The Eliatropes have chosen…peace?
This seems to be what’s happening—for now. The Eliatrope Goddess is using the Cloud Eyes as giant cameras keeping watch over most of the planet, sending her kids to deal with any trouble. Sounds too good to be true? Guess we’ll have to wait and see.
In the meantime, I’m loving Yugo’s interactions with his family. His tender moments with his Goddess mother; the antagonistic relationship between him and Qilby; and connecting with his sister, Nora, while out on a mission. It’s all a treat to see. A shame the only time I’m interested in Mr. Bland Yugo is when he’s fighting or interacting with more compelling characters.
Poor Qilby. I know. I know. The guy almost destroyed the world. But, being trapped in a white void for centuries would screw anyone up. I’m surprised he’s got any wits left about him at all. And, hey. Points for Qilby for trying to bury the hatchet between him and Yugo. Sweet, but futile as our dear Yugo is too sanctimonious to give his own brother a second chance. Geez, dude! He only tried to destroy the world. Stop making such a big deal about it!
Adamai’s suspicious of the Eliatropes and decides to leave. Good. Go find a cliff to jump off.
Armand is such a petty bastard. His little sister returns home from another adventure (saving the world in the process, again) and this prick has her thinking her father’s alive in the garden. Dude. Face facts: You were never your father’s favorite, and you’ll never be more popular than Amalia. But, guess what? You’re the king. Smoke some of that royal Sadida Kingdom kush and shut and eff up.
We learn the blind assassin is named Madagasken. I’m not sure, but I bet with a name like that he’s in the Wakfu MMORPG game. Anyway, he’s still being all calm and cool and dangerous. Now he’s got his bow. Uh-oh. Someone’s about to get an arrow in their bullseye.
We learn the Percedal Family’s house is already rebuilt—and someone’s living there: Poo. No, I don’t have to poo. That’s who’s living in their house. You know? The big panda guy from season three? Well, no one wants poo in their house, so you can bet the family wants him gone.

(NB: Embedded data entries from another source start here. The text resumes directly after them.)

lemma concentrated_on_paths_rescaled:
  assumes x: "concentrated_on_paths P x" and bound: "\<And>a. \<bar>x a\<bar> \<le> C"
  shows "concentrated_on_paths (\<lambda>(b, m) j. (P b j, m)) (\<lambda>(a, m). x a / real (Suc m))"
  unfolding concentrated_on_paths_def
proof (intro conjI allI impI)
  fix bm :: "'a \<times> nat"
  obtain b m where [simp]: "bm = (b, m)" by fastforce
  show "convergent ((\<lambda>(a, m). x a / real (Suc m)) \<circ> (\<lambda>(b, m) j. (P b j, m)) bm)"
    using convergent_mult[OF concentrated_on_pathsD(1)[OF x, of b] convergent_const[of "1 / real (Suc m)"]]
    by (simp add: comp_def)
next
  fix e :: real assume "e > 0"
  obtain B K where BK: "finite B" "finite K" "{a. e \<le> \<bar>x a\<bar>} \<subseteq> K \<union> (\<Union>b\<in>B. range (P b))"
    using concentrated_on_pathsD(2)[OF x \<open>e > 0\<close>] by blast
  obtain M where M: "C / e < real M"
    using reals_Archimedean2 by blast
  have cover: "(a, m) \<in> K \<times> {..<M} \<union> (\<Union>bm\<in>B \<times> {..<M}. range ((\<lambda>(b, m) j. (P b j, m)) bm))"
    if large: "e \<le> \<bar>x a / real (Suc m)\<bar>" for a m
  proof -
    have "e * real (Suc m) \<le> C"
      using large bound[of a] by (simp add: abs_divide field_simps)
    also have "C < e * real M"
      using M \<open>e > 0\<close> by (simp add: field_simps)
    finally have "real (Suc m) < real M"
      using \<open>e > 0\<close> by (simp only: mult_less_cancel_left_pos)
    then have "m < M"
      by simp
    have "\<bar>x a\<bar> / real (Suc m) \<le> \<bar>x a\<bar> / 1"
      by (rule divide_left_mono) auto
    then have "a \<in> K \<union> (\<Union>b\<in>B. range (P b))"
      using large subsetD[OF BK(3), of a] by (simp add: abs_divide)
    then show ?thesis
    proof (elim UnE UN_E)
      assume "a \<in> K"
      with \<open>m < M\<close> show ?thesis
        by blast
    next
      fix b assume "b \<in> B" "a \<in> range (P b)"
      with \<open>m < M\<close> show ?thesis
        by force
    qed
  qed
  have "{am. e \<le> \<bar>(\<lambda>(a, m). x a / real (Suc m)) am\<bar>} \<subseteq> K \<times> {..<M} \<union> (\<Union>bm\<in>B \<times> {..<M}. range ((\<lambda>(b, m) j. (P b j, m)) bm))"
  proof
    fix am assume "am \<in> {am. e \<le> \<bar>(\<lambda>(a, m). x a / real (Suc m)) am\<bar>}"
    then show "am \<in> K \<times> {..<M} \<union> (\<Union>bm\<in>B \<times> {..<M}. range ((\<lambda>(b, m) j. (P b j, m)) bm))"
      using cover[of "fst am" "snd am"] by (simp add: case_prod_beta)
  qed
  moreover have "finite (B \<times> {..<M})" "finite (K \<times> {..<M})"
    using BK(1,2) by auto
  ultimately show "\<exists>B K. finite B \<and> finite K \<and> {am. e \<le> \<bar>(\<lambda>(a, m). x a / real (Suc m)) am\<bar>} \<subseteq> K \<union> (\<Union>bm\<in>B. range ((\<lambda>(b, m) j. (P b j, m)) bm))"
    by blast
qed

lemma not_separable_space_if_uncountable_separated:
  fixes M S :: "'a::metric_space set"
  assumes "S \<subseteq> M" "uncountable S" "e > 0"
    and separated: "\<And>u v. u \<in> S \<Longrightarrow> v \<in> S \<Longrightarrow> u \<noteq> v \<Longrightarrow> e \<le> dist u v"
  shows "\<not> separable_space (top_of_set M)"
proof
  assume "separable_space (top_of_set M)"
  then obtain C where C: "countable C" "C \<subseteq> M" "M \<inter> closure C = M"
    by (auto simp: separable_space_def closure_of_subtopology Int_absorb1)
  have "\<exists>c\<in>C. dist c u < e/2" if "u \<in> S" for u
  proof -
    have "u \<in> closure C"
      using C(3) \<open>S \<subseteq> M\<close> that by blast
    then show ?thesis
      using \<open>e > 0\<close> unfolding closure_approachable by (meson half_gt_zero)
  qed
  then obtain f where f: "\<And>u. u \<in> S \<Longrightarrow> f u \<in> C \<and> dist (f u) u < e/2"
    by metis
  have "inj_on f S"
  proof (rule inj_onI)
    fix u v assume "u \<in> S" "v \<in> S" "f u = f v"
    then have "dist u v < e"
      using f[of u] f[of v] dist_triangle3[of u v "f u"] by simp
    with separated \<open>u \<in> S\<close> \<open>v \<in> S\<close> show "u = v"
      by (meson not_le)
  qed
  moreover have "countable (f ` S)"
    using C(1) f by (meson countable_subset image_subsetI)
  ultimately show False
    using \<open>uncountable S\<close> countable_image_inj_on by blast
qed

lemma uncountable_UNIV_nat_bool: "uncountable (UNIV :: (nat \<Rightarrow> bool) set)"
proof
  assume "countable (UNIV :: (nat \<Rightarrow> bool) set)"
  then obtain g :: "nat \<Rightarrow> nat \<Rightarrow> bool" where "range g = UNIV"
    by (metis uncountable_def UNIV_not_empty)
  then obtain n where "(\<lambda>k. \<not> g k k) = g n"
    by (metis UNIV_I imageE)
  then show False
    by (metis (full_types))
qed

definition branch_node :: "(nat \<Rightarrow> bool) \<Rightarrow> nat \<Rightarrow> nat" where
  "branch_node b n = to_nat (map b [0..<n])"

lemma branch_node_eqD:
  assumes "branch_node b n = branch_node c m"
  shows "n = m" and "i < n \<Longrightarrow> b i = c i"
proof -
  have eq: "map b [0..<n] = map c [0..<m]"
    using assms by (simp add: branch_node_def)
  then show "n = m"
    by (metis length_map length_upt minus_nat.diff_0)
  then show "i < n \<Longrightarrow> b i = c i"
    using nth_map_upt[of i n 0 b] eq by (metis add_0 diff_zero nth_map_upt)
qed

lemma branch_node_notin_branch:
  assumes "b i \<noteq> c i" "i < n"
  shows "branch_node b n \<notin> range (branch_node c)"
  using assms branch_node_eqD by blast

definition triple_encode :: "nat \<Rightarrow> nat \<Rightarrow> nat \<Rightarrow> nat" where
  "triple_encode n m k = prod_encode (n, prod_encode (m, k))"

lemma triple_encode_surj: "\<exists>n m k. p = triple_encode n m k"
  unfolding triple_encode_def by (metis prod_decode_inverse surj_pair)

It turns out Poo is like us—a Percedal Family stan! So, instead of immediately kicking his squatting butt out, they’re letting him cook for them, literally. A rebuilt house and a chef. Team Dally wins again!

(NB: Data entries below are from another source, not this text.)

lemma adj_ghost_virt_contr:
  assumes vc: "virt_contr X Y \<phi> s t" and P: "pure Y Z \<psi>"
  defines "S \<equiv> (\<lambda>f. (bd X f, bd X (inv (ghost Y Z \<psi>) f))) ` flags Y"
  shows "adj (ghost Y Z \<psi>) = map_prod (mV \<phi>) (mV \<phi>) ` S"
    and "adj (ghost X Z (mcomp (flags Y) \<psi> \<phi>)) = S \<union> {(bd X s, bd X t), (bd X t, bd X s)}"
proof -
  have Y: "flags X = insert s (insert t (flags Y))"
    and st: "mi \<phi> s = t" "mi \<phi> t = s" "s \<notin> flags Y" "t \<notin> flags Y"
    and mF: "\<forall>g\<in>flags Y. mF \<phi> g = g"
    and bdY: "\<forall>g\<in>flags Y. bd Y g = mV \<phi> (bd X g)"
    using vc by (auto simp: virt_contr_def)
  have inv_in: "inv (ghost Y Z \<psi>) f \<in> flags Y" if "f \<in> flags Y" for f
    using wf_graph_ghost[OF P] that by (simp add: wf_graph_def)
  have "adj (ghost Y Z \<psi>) = (\<lambda>f. (bd Y f, bd Y (inv (ghost Y Z \<psi>) f))) ` flags Y"
    by (simp add: adj_eq_image)
  also have "\<dots> = map_prod (mV \<phi>) (mV \<phi>) ` S"
    unfolding S_def image_image using bdY inv_in by (intro image_cong) auto
  finally show "adj (ghost Y Z \<psi>) = map_prod (mV \<phi>) (mV \<phi>) ` S" .
  let ?\<theta> = "mcomp (flags Y) \<psi> \<phi>"
  have P\<theta>: "pure X Z ?\<theta>" by (rule pure.pure_step[OF vc P])
  have ZY: "flags Z \<subseteq> flags Y" using pure_flags[OF P] by blast
  have "inv (ghost X Z ?\<theta>) f = inv (ghost Y Z \<psi>) f" if "f \<in> flags Y" for f
    using that ZY mF inv_in[OF that]
    by (auto simp: ghost_inv_pure[OF P\<theta>] ghost_inv_pure[OF P] mi_mcomp_of_mF_id[OF mF])
  then have "(\<lambda>f. (bd X f, bd X (inv (ghost X Z ?\<theta>) f))) ` flags Y = S"
    unfolding S_def by (intro image_cong) auto
  moreover have "inv (ghost X Z ?\<theta>) s = t" "inv (ghost X Z ?\<theta>) t = s"
    using st ZY by (auto simp: ghost_inv_pure[OF P\<theta>] mi_mcomp_of_mF_id[OF mF])
  ultimately show "adj (ghost X Z ?\<theta>) = S \<union> {(bd X s, bd X t), (bd X t, bd X s)}"
    by (auto simp: adj_eq_image Y)
qed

*SIGH!* Guess I should mention Ruel & Arpagone. Blah blah blah toxic relationship. Blah blah blah she stole his money. Blah blah he’s hunting her down. Oh my Goddess! I don’t care. They both suck. Lady, you should’ve just taken half like any respectable divorcee would then partied it up with your friends at whatever this world’s equivalent of Las Vegas is. WHY ARE THEY STILL MARRIED!?

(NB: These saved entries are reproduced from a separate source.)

lemma singleton_in_subseqs_iff: "[x] \<in> set (subseqs xs) \<longleftrightarrow> x \<in> set xs"
  by (induction xs) (auto simp: Let_def Nil_in_subseqs)

lemma precedes_Cons: "precedes x y (z # zs) \<longleftrightarrow> (z = x \<and> y \<in> set zs) \<or> precedes x y zs"
proof
  assume "precedes x y (z # zs)"
  then obtain p q where pq: "p < q" "q < length (z # zs)" "(z # zs) ! p = x" "(z # zs) ! q = y"
    unfolding precedes_def by blast
  then obtain q' where q': "q = Suc q'" "q' < length zs" "zs ! q' = y"
    by (cases q) auto
  show "(z = x \<and> y \<in> set zs) \<or> precedes x y zs"
  proof (cases p)
    case 0
    then show ?thesis using pq(3) q' by auto
  next
    case (Suc p')
    then have "p' < q'" "zs ! p' = x" using pq(1,3) q'(1) by simp_all
    then show ?thesis using q' unfolding precedes_def by blast
  qed
next
  assume "(z = x \<and> y \<in> set zs) \<or> precedes x y zs"
  then show "precedes x y (z # zs)"
  proof
    assume "z = x \<and> y \<in> set zs"
    then obtain q where "q < length zs" "zs ! q = y" "z = x" by (auto simp: in_set_conv_nth)
    then show ?thesis unfolding precedes_def by (intro exI[of _ 0] exI[of _ "Suc q"]) auto
  next
    assume "precedes x y zs"
    then obtain p q where "p < q" "q < length zs" "zs ! p = x" "zs ! q = y"
      unfolding precedes_def by blast
    then show ?thesis unfolding precedes_def by (intro exI[of _ "Suc p"] exI[of _ "Suc q"]) auto
  qed
qed

lemma pair_in_subseqs_iff_precedes: "[x, y] \<in> set (subseqs xs) \<longleftrightarrow> precedes x y xs"
proof (induction xs)
  case Nil
  show ?case by (simp add: precedes_def)
next
  case (Cons z zs)
  have "[x, y] \<in> set (subseqs (z # zs))
      \<longleftrightarrow> (z = x \<and> [y] \<in> set (subseqs zs)) \<or> [x, y] \<in> set (subseqs zs)"
    by (auto simp: Let_def)
  then show ?case using Cons.IH by (simp add: precedes_Cons singleton_in_subseqs_iff)
qed

lemma is_graph_edgeE:
  assumes "is_graph n E" "e \<in> E"
  obtains a b where "e = {a, b}" "a \<noteq> b" "a \<in> {1..n}" "b \<in> {1..n}"
  using assms unfolding is_graph_def by blast

lemma is_graph_doubleton_edge:
  assumes "is_graph n E" "{a, b} \<in> E"
  shows "a \<noteq> b" "a \<in> {1..n}" "b \<in> {1..n}"
  using assms by (auto elim!: is_graph_edgeE simp: doubleton_eq_iff)

lemma edge_transp_doubleton: "a \<noteq> b \<Longrightarrow> edge_transp {a, b} = transpose a b"
  by (cases "a < b") (auto simp: edge_transp_def min_def max_def transpose_commute)

lemma transpose_in_Sn: "a \<in> {1..n} \<Longrightarrow> b \<in> {1..n} \<Longrightarrow> transpose a b \<in> Sn n"
  by (simp add: Sn_def permutes_swap_id)

lemma edge_transp_in_Sn: "is_graph n E \<Longrightarrow> e \<in> E \<Longrightarrow> edge_transp e \<in> Sn n"
  by (metis is_graph_edgeE edge_transp_doubleton transpose_in_Sn)

lemma is_graph_eqI:
  assumes "is_graph n E1" "is_graph n E2"
    and "\<And>a b. a \<noteq> b \<Longrightarrow> a \<in> {1..n} \<Longrightarrow> b \<in> {1..n} \<Longrightarrow> {a, b} \<in> E1 \<longleftrightarrow> {a, b} \<in> E2"
  shows "E1 = E2"
proof -
  have "e \<in> E1 \<longleftrightarrow> e \<in> E2" if e: "e \<in> E1 \<union> E2" for e
  proof -
    obtain a b where "e = {a, b}" "a \<noteq> b" "a \<in> {1..n}" "b \<in> {1..n}"
      using e assms(1,2) by (auto elim: is_graph_edgeE)
    then show ?thesis using assms(3) by simp
  qed
  then show ?thesis by blast
qed

lemma edge_ordering_transp_in_Sn:
  "is_graph n E \<Longrightarrow> edge_ordering E \<pi> \<Longrightarrow> \<forall>e\<in>set \<pi>. edge_transp e \<in> Sn n"
  by (auto simp: edge_ordering_def intro: edge_transp_in_Sn)

lemma triangle_has_cycle:
  assumes "{i, j} \<in> E" "{j, k} \<in> E" "{k, i} \<in> E" "distinct [i, j, k]"
  shows "has_cycle E"
  unfolding has_cycle_def
proof (intro exI[of _ "[i, j, k]"] conjI allI impI)
  fix m assume "m < length [i, j, k]"
  then consider "m = 0" | "m = 1" | "m = 2" by fastforce
  then show "{[i, j, k] ! m, [i, j, k] ! ((m + 1) mod length [i, j, k])} \<in> E"
    by cases (use assms in auto)
qed (use assms(4) in auto)

lemma acyclic_edge_not_reachable:
  assumes "\<not> has_cycle E" "F \<subseteq> E" "{a, b} \<in> E" "{a, b} \<notin> F" "a \<noteq> b"
  shows "(a, b) \<notin> (adj_rel F)\<^sup>*"
proof
  let ?R = "\<lambda>u v. (u, v) \<in> adj_rel F"
  assume "(a, b) \<in> (adj_rel F)\<^sup>*"
  then have "?R\<^sup>*\<^sup>* a b" by (simp add: rtranclp_rtrancl_eq)
  then obtain xs where "rtrancl_path ?R a xs b" unfolding rtranclp_eq_rtrancl_path by blast
  then obtain ys where ys: "rtrancl_path ?R a ys b" "distinct (a # ys)"
    by (rule rtrancl_path_distinct)
  let ?cs = "a # ys"
  have step: "{?cs ! i, ys ! i} \<in> F" if "i < length ys" for i
    using rtrancl_path_nth[OF ys(1) that] by (simp add: adj_rel_def)
  have "ys \<noteq> []" using ys(1) \<open>a \<noteq> b\<close> by (auto elim: rtrancl_path.cases)
  then have last: "ys ! (length ys - 1) = b"
    using rtrancl_path_last[OF ys(1)] by (simp add: last_conv_nth)
  have "length ys \<noteq> 1"
  proof
    assume "length ys = 1"
    then show False using step[of 0] last assms(4) by simp
  qed
  then have long: "length ?cs \<ge> 3" using \<open>ys \<noteq> []\<close> by (cases "length ys") auto
  have cycle: "{?cs ! i, ?cs ! ((i + 1) mod length ?cs)} \<in> E" if "i < length ?cs" for i
  proof (cases "i < length ys")
    case True
    then show ?thesis using step[OF True] assms(2) by auto
  next
    case False
    then have "i = length ys" using that by simp
    then show ?thesis using last assms(3) \<open>ys \<noteq> []\<close> by (simp add: insert_commute)
  qed
  then have "has_cycle E" unfolding has_cycle_def using long ys(2) cycle by blast
  then show False using assms(1) by simp
qed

Another good episode! Learning more about what the Eliatrope Goddess is doing was interesting along with seeing Yugo’s relationship with her and his family. Again, the Percedal Family stole the episode with their antics. I love them so much. There’s a new world order and several mysteries brewing (the assassin, the Eliatrope’s true intentions, and the missing World of Twelve Gods to name a few), making this episode fun in itself and well as in anticipation of what’s to come. I’m in it for the long haul and couldn’t be happier.
This week’s Wack Award (Wack as in Wakfu. Get it?) goes to Armand for not telling Amalia her father died. I know you live in a forest kingdom but pull that stick out of your butt, my guy.